Она обернулась. К ней, ловко лавируя между лужами, бежала молодая цыганка. Из-под цветастого платка, несмотря на холод, выбивались смоляные кудри. Смуглое лицо с правильными чертами и огромными черными глазами горело румянцем от быстрого бега. На руках она держала укутанный в тряпье сверток.

— Господи, сколько можно! — раздражение, накопившееся за долгие часы ожидания, выплеснулось наружу. — Откуда у меня, у колхозницы простой, деньги? Сама скоро тут с вами на паперти стоять буду! Иди вон, работай, чем побираться!

— Не гневись, милая, не гневись, — цыганка говорила тихо, но с каким-то особым, певучим достоинством. — Рада бы я работать, да кто ж меня возьмет? Увидят платок, увидят глаза черные — и сразу дверь перед носом. Ворожея, мол, обманет. А я не ворожея. Я солдатка. Муж у меня был, Василий, русский парень из-под Рязани, — она вздохнула, поправила сверток на руках. — Похоронка на него в сентябре пришла. Под Вязьмой.

Катерина почувствовала легкий укол стыда. Но упрямство и нажитая за годы лишений привычка никому не верить взяли верх.

— А пенсию? Пенсию за мужа почему не оформишь? Ребенок вон на руках — значит, положено. Иди, не стой над душой.

Цыганка вдруг странно улыбнулась уголками губ, покачав головой, от чего серьги в ушах мелодично звякнули.

— А врешь ты все, красавица, — констатировала она будничным тоном. — Нет у тебя ребятишек. Глаза у тебя пустые, не материнские. Как и у меня… — последние слова она произнесла совсем тихо, и Катерина заметила, как смуглая кожа на щеках женщины стала еще темнее от прилившей крови. — Проще просить, когда на дитя просишь. Сердце у людей мягче становится.

— Ах, вот оно что! — Катя всплеснула руками. — Значит, обманываешь людей? Нет у тебя совести! Раз нет детей — иди работай, чем лиходействовать!

Она резко отвернулась и зашагала к столбу с расписанием, за которым должна была показаться телега. Но цыганка, словно тень, последовала за ней.

— Отстань! — Катя повысила голос. — Уйди, закричу! Сторожа позову!
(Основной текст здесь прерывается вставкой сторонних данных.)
(* Let $\mathcal{X}$ be a nonempty open convex subset of $\mathbb{R}^n$ and let $\textbf{F}:\mathcal{X}\to I(\mathbb{R})$ be $gH$-differentiable on $\mathcal{X}$. If $\textbf{F}$ is convex on $\mathcal{X}$, then \[(y-x)^T\odot\nabla\textbf{F}(x)\preceq\textbf{F}(y)\ominus_{gH}\textbf{F}(x)\quad\text{for all }x,y\in\mathcal{X}.\]
   Context: $I(\mathbb{R})$: closed bounded intervals $\textbf{A}=[\underline{a},\overline{a}]$ with Moore arithmetic ($\oplus$ endpointwise; $\lambda\odot\textbf{A}=[\lambda\underline{a},\lambda\overline{a}]$ if $\lambda\ge0$, $[\lambda\overline{a},\lambda\underline{a}]$ if $\lambda<0$); $gH$-difference $\textbf{A}\ominus_{gH}\textbf{B}=[\min\{\underline{a}-\underline{b},\overline{a}-\overline{b}\},\max\{\underline{a}-\underline{b},\overline{a}-\overline{b}\}]$; limits in the norm $\max\{|\underline{a}|,|\overline{a}|\}$. $\textbf{A}\preceq\textbf{B}$ iff $\underline{a}\le\underline{b}$ and $\overline{a}\le\overline{b}$. An IVF is $\textbf{F}(x)=[\underline{f}(x),\overline{f}(x)]$. $D_i\textbf{F}(x)=\lim_{h\to0}\frac1h\odot(\textbf{F}(x+he_i)\ominus_{gH}\textbf{F}(x))$, $\nabla\textbf{F}(x)=(D_1\textbf{F}(x),\dots,D_n\textbf{F}(x))^T$, $d^T\odot\nabla\textbf{F}(x)=\bigoplus_i d_i\odot D_i\textbf{F}(x)$. Linear IVF: $\textbf{L}(x)=\bigoplus_i x_i\odot\textbf{L}(e_i)$. $\textbf{F}$ is $gH$-differentiable at $\bar{x}$ if there exist a linear IVF $\textbf{L}_{\bar{x}}$, an IVF $\textbf{E}(\textbf{F}(\bar{x});d)$ and $\delta>0$ with $(\textbf{F}(\bar{x}+d)\ominus_{gH}\textbf{F}(\bar{x}))\ominus_{gH}\textbf{L}_{\bar{x}}(d)=\lVert d\rVert\odot\textbf{E}(\textbf{F}(\bar{x});d)$ for $\lVert d\rVert<\delta$ and $\textbf{E}\to\textbf{0}$ as $\lVert d\rVert\to0$; on $\mathcal{X}$ means at every point. $\textbf{F}$ is convex if $\textbf{F}(\lambda x_1+(1-\lambda)x_2)\preceq\lambda\odot\textbf{F}(x_1)\oplus(1-\lambda)\odot\textbf{F}(x_2)$ for all $x_1,x_2\in\mathcal{X}$, $\lambda\in[0,1]$. *)

theory Defs
  imports "HOL-Analysis.Analysis"
begin

text \<open>Closed bounded intervals are represented as pairs (lower, upper) of reals
  with lower \<le> upper. The topology on real \<times> real is the product topology,
  which coincides with the one induced by the norm max(|lo|,|up|).
  Moore addition is the componentwise addition of pairs.\<close>

type_synonym ival = "real \<times> real"

definition is_ival :: "ival \<Rightarrow> bool" where
  "is_ival A \<longleftrightarrow> fst A \<le> snd A"

definition ival_scale :: "real \<Rightarrow> ival \<Rightarrow> ival" where
  "ival_scale l A = (if l \<ge> 0 then (l * fst A, l * snd A) else (l * snd A, l * fst A))"

definition gH_diff :: "ival \<Rightarrow> ival \<Rightarrow> ival" where
  "gH_diff A B = (min (fst A - fst B) (snd A - snd B), max (fst A - fst B) (snd A - snd B))"

definition ival_le :: "ival \<Rightarrow> ival \<Rightarrow> bool" where
  "ival_le A B \<longleftrightarrow> fst A \<le> fst B \<and> snd A \<le> snd B"

definition gH_partial :: "(real^'n \<Rightarrow> ival) \<Rightarrow> real^'n \<Rightarrow> 'n \<Rightarrow> ival" where
  "gH_partial F x i =
     Lim (at 0) (\<lambda>h. ival_scale (1 / h) (gH_diff (F (x + h *\<^sub>R axis i 1)) (F x)))"

text \<open>d^T \<odot> grad F(x) = Moore sum over i of d_i \<odot> D_i F(x).\<close>
definition gH_grad_dir :: "(real^'n \<Rightarrow> ival) \<Rightarrow> real^'n \<Rightarrow> real^'n \<Rightarrow> ival" where
  "gH_grad_dir F x d = (\<Sum>i\<in>UNIV. ival_scale (d $ i) (gH_partial F x i))"

definition lin_ivf :: "('n::finite \<Rightarrow> ival) \<Rightarrow> real^'n \<Rightarrow> ival" where
  "lin_ivf c d = (\<Sum>i\<in>UNIV. ival_scale (d $ i) (c i))"

definition gH_differentiable_at :: "(real^'n::finite \<Rightarrow> ival) \<Rightarrow> real^'n \<Rightarrow> bool" where
  "gH_differentiable_at F x \<longleftrightarrow>
     (\<exists>c E \<delta>. (\<forall>i. is_ival (c i)) \<and> (\<forall>d. is_ival (E d)) \<and> \<delta> > 0 \<and>
        (\<forall>d. norm d < \<delta> \<longrightarrow>
            gH_diff (gH_diff (F (x + d)) (F x)) (lin_ivf c d) = ival_scale (norm d) (E d)) \<and>
        (E \<longlongrightarrow> (0, 0)) (at 0))"

definition gH_differentiable_on :: "(real^'n::finite \<Rightarrow> ival) \<Rightarrow> (real^'n) set \<Rightarrow> bool" where
  "gH_differentiable_on F X \<longleftrightarrow> (\<forall>x\<in>X. gH_differentiable_at F x)"

definition ivf_convex_on :: "(real^'n::finite) set \<Rightarrow> (real^'n \<Rightarrow> ival) \<Rightarrow> bool" where
  "ivf_convex_on X F \<longleftrightarrow>
     (\<forall>x1\<in>X. \<forall>x2\<in>X. \<forall>l::real. 0 \<le> l \<and> l \<le> 1 \<longrightarrow>
        ival_le (F (l *\<^sub>R x1 + (1 - l) *\<^sub>R x2))
                (ival_scale l (F x1) + ival_scale (1 - l) (F x2)))"

end

theory Submission
  imports Defs
begin

text \<open>The gH-difference only permutes the two endpoint differences, so it has the same norm
  as the plain difference of pairs. Hence the expansion defining gH-differentiability at \<open>x\<close>
  puts the difference quotient \<open>(1/h) \<odot> (F(x + h v) \<ominus>\<^sub>g\<^sub>H F(x))\<close> at distance
  \<open>\<parallel>v\<parallel> \<parallel>E(h v)\<parallel>\<close> from \<open>L\<^sub>x(v)\<close>, so the quotient tends to \<open>L\<^sub>x(v)\<close> as \<open>h \<rightarrow> 0\<close>.
  Taking \<open>v = e\<^sub>i\<close> identifies \<open>L\<^sub>x(e\<^sub>i)\<close> with \<open>D\<^sub>iF(x)\<close>, whence \<open>L\<^sub>x(v) = v\<^sup>T \<odot> \<nabla>F(x)\<close>.
  For \<open>v = y - x\<close> and \<open>0 < h \<le> 1\<close>, convexity bounds the quotient by \<open>F(y) \<ominus>\<^sub>g\<^sub>H F(x)\<close>,
  and \<open>\<preceq>\<close> survives the limit \<open>h \<rightarrow> 0\<^sup>+\<close>.\<close>

definition gH_diff_quotient :: "(real^'n \<Rightarrow> ival) \<Rightarrow> real^'n \<Rightarrow> real^'n \<Rightarrow> real \<Rightarrow> ival" where
  "gH_diff_quotient F x v h = ival_scale (1 / h) (gH_diff (F (x + h *\<^sub>R v)) (F x))"

lemma ival_scale_zero_left [simp]: "ival_scale 0 A = 0"
  by (simp add: ival_scale_def zero_prod_def)

lemma ival_scale_zero_right [simp]: "ival_scale l 0 = 0"
  by (simp add: ival_scale_def zero_prod_def)

lemma ival_scale_one [simp]: "ival_scale 1 A = A"
  by (simp add: ival_scale_def)

lemma ival_scale_add: "ival_scale l (A + B) = ival_scale l A + ival_scale l B"
  by (simp add: ival_scale_def distrib_left)

lemma ival_scale_diff: "ival_scale l (A - B) = ival_scale l A - ival_scale l B"
  by (simp add: ival_scale_def right_diff_distrib)

lemma ival_scale_sum: "ival_scale l (\<Sum>i\<in>S. f i) = (\<Sum>i\<in>S. ival_scale l (f i))"
  by (induction S rule: infinite_finite_induct) (simp_all add: ival_scale_add)

lemma ival_scale_mult: "ival_scale (a * b) A = ival_scale a (ival_scale b A)"
  by (auto simp: ival_scale_def zero_le_mult_iff mult_le_0_iff)

lemma norm_ival_scale: "norm (ival_scale l A) = \<bar>l\<bar> * norm A"
  by (simp add: ival_scale_def norm_prod_def power_mult_distrib real_sqrt_mult
      add.commute flip: distrib_left)

lemma norm_gH_diff: "norm (gH_diff A B) = norm (A - B)"
  by (simp add: gH_diff_def norm_prod_def min_def max_def add.commute)

lemma ival_le_scale:
  assumes "ival_le A B" "0 \<le> l"
  shows "ival_le (ival_scale l A) (ival_scale l B)"
  using assms by (simp add: ival_le_def ival_scale_def mult_left_mono)

lemma ival_le_gH_diff_scale:
  assumes "ival_le A (ival_scale t B + ival_scale (1 - t) C)" "0 \<le> t" "t \<le> 1"
  shows "ival_le (gH_diff A C) (ival_scale t (gH_diff B C))"
proof -
  have "fst A - fst C \<le> t * (fst B - fst C)" "snd A - snd C \<le> t * (snd B - snd C)"
    using assms by (simp_all add: ival_le_def ival_scale_def algebra_simps)
  then show ?thesis
    using assms(2) by (auto simp: ival_le_def ival_scale_def gH_diff_def
        min_mult_distrib_left max_mult_distrib_left)
qed

lemma ival_le_tendsto:
  assumes "(f \<longlongrightarrow> A) F" "eventually (\<lambda>h. ival_le (f h) B) F" "F \<noteq> bot"
  shows "ival_le A B"
proof -
  have "fst A \<le> fst B"
    by (rule tendsto_upperbound[OF tendsto_fst[OF assms(1)] _ assms(3)])
      (use assms(2) in \<open>simp add: ival_le_def eventually_mono\<close>)
  moreover have "snd A \<le> snd B"
    by (rule tendsto_upperbound[OF tendsto_snd[OF assms(1)] _ assms(3)])
      (use assms(2) in \<open>simp add: ival_le_def eventually_mono\<close>)
  ultimately show ?thesis by (simp add: ival_le_def)
qed

lemma lin_ivf_scaleR: "lin_ivf c (h *\<^sub>R v) = ival_scale h (lin_ivf c v)"
  by (simp add: lin_ivf_def ival_scale_sum ival_scale_mult)

lemma lin_ivf_axis: "lin_ivf c (axis i 1) = c i"
proof -
  have "lin_ivf c (axis i 1) = (\<Sum>j\<in>UNIV. if j = i then c i else 0)"
    unfolding lin_ivf_def by (rule sum.cong) (auto simp: axis_def)
  then show ?thesis by simp
qed

lemma norm_scaled_sub_lin_ivf:
  assumes "gH_diff D (lin_ivf c (h *\<^sub>R v)) = ival_scale (norm (h *\<^sub>R v)) R" "h \<noteq> 0"
  shows "norm (ival_scale (1 / h) D - lin_ivf c v) = norm v * norm R"
proof -
  have "ival_scale (1 / h) D - lin_ivf c v = ival_scale (1 / h) (D - lin_ivf c (h *\<^sub>R v))"
    using assms(2) by (simp add: ival_scale_diff lin_ivf_scaleR flip: ival_scale_mult)
  then have "norm (ival_scale (1 / h) D - lin_ivf c v)
      = \<bar>1 / h\<bar> * norm (gH_diff D (lin_ivf c (h *\<^sub>R v)))"
    by (simp add: norm_ival_scale norm_gH_diff)
  also have "\<dots> = norm v * norm R"
    using assms by (simp add: norm_ival_scale)
  finally show ?thesis .
qed

lemma tendsto_along_ray:
  fixes E :: "'a::real_normed_vector \<Rightarrow> 'b::topological_space"
  assumes "(E \<longlongrightarrow> l) (at 0)" "v \<noteq> 0"
  shows "((\<lambda>h::real. E (h *\<^sub>R v)) \<longlongrightarrow> l) (at 0)"
proof -
  have "filterlim (\<lambda>h::real. h *\<^sub>R v) (at 0) (at 0)"
    using assms(2) by (intro filterlim_atI) (auto intro!: tendsto_eq_intros simp: eventually_at_filter)
  then show ?thesis
    by (rule filterlim_compose[OF assms(1)])
qed

lemma gH_diff_quotient_tendsto_lin_ivf:
  fixes F :: "real^'n::finite \<Rightarrow> ival"
  assumes expansion: "\<forall>d. norm d < \<delta> \<longrightarrow>
      gH_diff (gH_diff (F (x + d)) (F x)) (lin_ivf c d) = ival_scale (norm d) (E d)"
    and "0 < \<delta>" and "(E \<longlongrightarrow> 0) (at 0)"
  shows "(gH_diff_quotient F x v \<longlongrightarrow> lin_ivf c v) (at 0)"
proof -
  have remainder_tendsto: "((\<lambda>h. norm v * norm (E (h *\<^sub>R v))) \<longlongrightarrow> 0) (at 0)"
    using tendsto_along_ray[OF assms(3)]
    by (cases "v = 0") (auto intro!: tendsto_eq_intros simp: tendsto_norm_zero_iff)
  have "eventually (\<lambda>h::real. h \<noteq> 0 \<and> norm (h *\<^sub>R v) < \<delta>) (at 0)"
    using \<open>0 < \<delta>\<close> by (intro eventually_conj eventually_at_filter[THEN iffD2]
        tendsto_eq_intros order_tendstoD) auto
  then have "eventually (\<lambda>h. norm (gH_diff_quotient F x v h - lin_ivf c v)
      = norm v * norm (E (h *\<^sub>R v))) (at 0)"
    by (rule eventually_mono)
      (use expansion in \<open>simp add: gH_diff_quotient_def norm_scaled_sub_lin_ivf\<close>)
  with remainder_tendsto
  have "((\<lambda>h. norm (gH_diff_quotient F x v h - lin_ivf c v)) \<longlongrightarrow> 0) (at 0)"
    by (simp add: tendsto_cong)
  then show ?thesis
    by (simp add: tendsto_norm_zero_iff LIM_zero_iff)
qed

lemma gH_diff_quotient_tendsto_grad_dir:
  assumes "gH_differentiable_at F x"
  shows "(gH_diff_quotient F x v \<longlongrightarrow> gH_grad_dir F x v) (at 0)"
proof -
  from assms obtain c E \<delta> where expansion: "\<forall>d. norm d < \<delta> \<longrightarrow>
      gH_diff (gH_diff (F (x + d)) (F x)) (lin_ivf c d) = ival_scale (norm d) (E d)"
    and "0 < \<delta>" and "(E \<longlongrightarrow> 0) (at 0)"
    unfolding gH_differentiable_at_def zero_prod_def by blast
  note quotient_tendsto = gH_diff_quotient_tendsto_lin_ivf[OF this]
  have "gH_partial F x i = c i" for i
    using tendsto_Lim[OF trivial_limit_at quotient_tendsto[of "axis i 1"]]
    by (simp add: gH_partial_def gH_diff_quotient_def[abs_def] lin_ivf_axis)
  then have "gH_grad_dir F x v = lin_ivf c v"
    by (simp add: gH_grad_dir_def lin_ivf_def)
  then show ?thesis
    using quotient_tendsto by simp
qed

lemma ivf_convex_on_gH_diff_quotient_le:
  assumes "ivf_convex_on X F" "x \<in> X" "y \<in> X" "0 < h" "h \<le> 1"
  shows "ival_le (gH_diff_quotient F x (y - x) h) (gH_diff (F y) (F x))"
proof -
  have "x + h *\<^sub>R (y - x) = h *\<^sub>R y + (1 - h) *\<^sub>R x"
    by (simp add: algebra_simps)
  then have "ival_le (F (x + h *\<^sub>R (y - x))) (ival_scale h (F y) + ival_scale (1 - h) (F x))"
    using assms unfolding ivf_convex_on_def by simp
  then have "ival_le (gH_diff (F (x + h *\<^sub>R (y - x))) (F x)) (ival_scale h (gH_diff (F y) (F x)))"
    using assms by (intro ival_le_gH_diff_scale) auto
  then have "ival_le (gH_diff_quotient F x (y - x) h)
      (ival_scale (1 / h) (ival_scale h (gH_diff (F y) (F x))))"
    unfolding gH_diff_quotient_def using assms by (intro ival_le_scale) auto
  then show ?thesis
    using assms by (simp flip: ival_scale_mult)
qed

theorem theorem3p3:
  fixes X :: "(real^'n::finite) set" and F :: "real^'n \<Rightarrow> real \<times> real"
  assumes "X \<noteq> {}" and "open X" and "convex X"
    and "\<forall>x\<in>X. is_ival (F x)"
    and "gH_differentiable_on F X"
    and "ivf_convex_on X F"
  shows "\<forall>x\<in>X. \<forall>y\<in>X. ival_le (gH_grad_dir F x (y - x)) (gH_diff (F y) (F x))"
proof (intro ballI)
  fix x y assume "x \<in> X" "y \<in> X"
  have "(gH_diff_quotient F x (y - x) \<longlongrightarrow> gH_grad_dir F x (y - x)) (at_right 0)"
    using assms(5) \<open>x \<in> X\<close> unfolding gH_differentiable_on_def
    by (blast intro: gH_diff_quotient_tendsto_grad_dir tendsto_mono[OF at_le])
  moreover have "eventually (\<lambda>h. ival_le (gH_diff_quotient F x (y - x) h) (gH_diff (F y) (F x)))
      (at_right 0)"
  proof -
    have "eventually (\<lambda>h. 0 < h \<and> h \<le> (1::real)) (at_right 0)"
      by (auto simp: eventually_at_right_field intro!: exI[of _ 1])
    then show ?thesis
      by (rule eventually_mono)
        (use assms(6) \<open>x \<in> X\<close> \<open>y \<in> X\<close> in \<open>blast intro: ivf_convex_on_gH_diff_quotient_le\<close>)
  qed
  ultimately show "ival_le (gH_grad_dir F x (y - x)) (gH_diff (F y) (F x))"
    by (rule ival_le_tendsto) simp
qed

end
— Да не надо мне ничего от тебя, — цыганка говорила спокойно, даже мягко. — Не трясись ты над своей котомкой. Кроме бумаг казенных там все равно ничего нет. Пусто в ней. Ты мне руку дай. Просто дай руку — и все.

Что-то было в её голосе такое, что заставило Катерину замереть. Не страх, не любопытство, а какая-то странная, щемящая нота, заставляющая подчиниться. Она нехотя протянула огрубевшую от работы ладонь.

Цыганка взяла её в свои теплые, сухие ладони, всмотрелась в линии. Её брови сошлись к переносице, глаза потемнели еще больше, став почти бездонными.

— Что там? — не выдержала Катя. — Что ты увидела? Говори, раз взялась.

— Чудно все… — прошептала цыганка. — Смутно вижу, но чудно. Пойдем-ка к камню вон тому, — она кивнула в сторону огромного валуна, одиноко лежащего за станцией, у края поля. — Там хоть ветер не так задувает.

Катерина, сама себе удивляясь, покорно пошла за незнакомкой. Время всё равно тянулось бесконечно, а Макар, возница, вечно опаздывал.

Усевшись на холодный камень, цыганка бережно достала из-за пазухи ветхий, затертый до блеска колоду карт.

— Это карты моей бабки Ульяны. Великая ведунья была, царствие ей небесное. Они и судьбу, и жизнь всю как на ладони показать могут. Возьми их в руки. Подержи. Своим теплом согрей. А теперь вытяни три.

Катя, чувствуя себя полной дурой, сунула руку в шершавую колоду и вытащила три карты.

Цыганка разложила их на камне, придерживая, чтобы не сдул ветер.

— Вижу я мужа у тебя, — заговорила она, водя пальцем над рисунками. — И деток вижу. Троих. Две девки да парень. Но не все они твоей кровью рождены. И мужа того звать будут на букву «А». Александром, видать, или Алексеем.

— Ох, насмешила! — Катерина не выдержала и горько усмехнулась. — Цирк, да и только! Муж у меня, между прочим, есть, Григорием звать, и воюет он сейчас под Сталинградом. Так что врут твои бабкины карты. Иди ты со своими побасенками!

— Я говорю то, что вижу, — с обидой в голосе ответила цыганка. — Слезы я вижу, Катя. Горькие слезы. А потом страх и боль. А потом — солнце. Яркое такое солнце и радость, от которой сердце заходится.

— Дивно! И как тебя люди за такие пророчества за косы-то не оттаскали?

— Ко мне всё приходили. И всё сбывалось, — в голосе цыганки звучала гордость.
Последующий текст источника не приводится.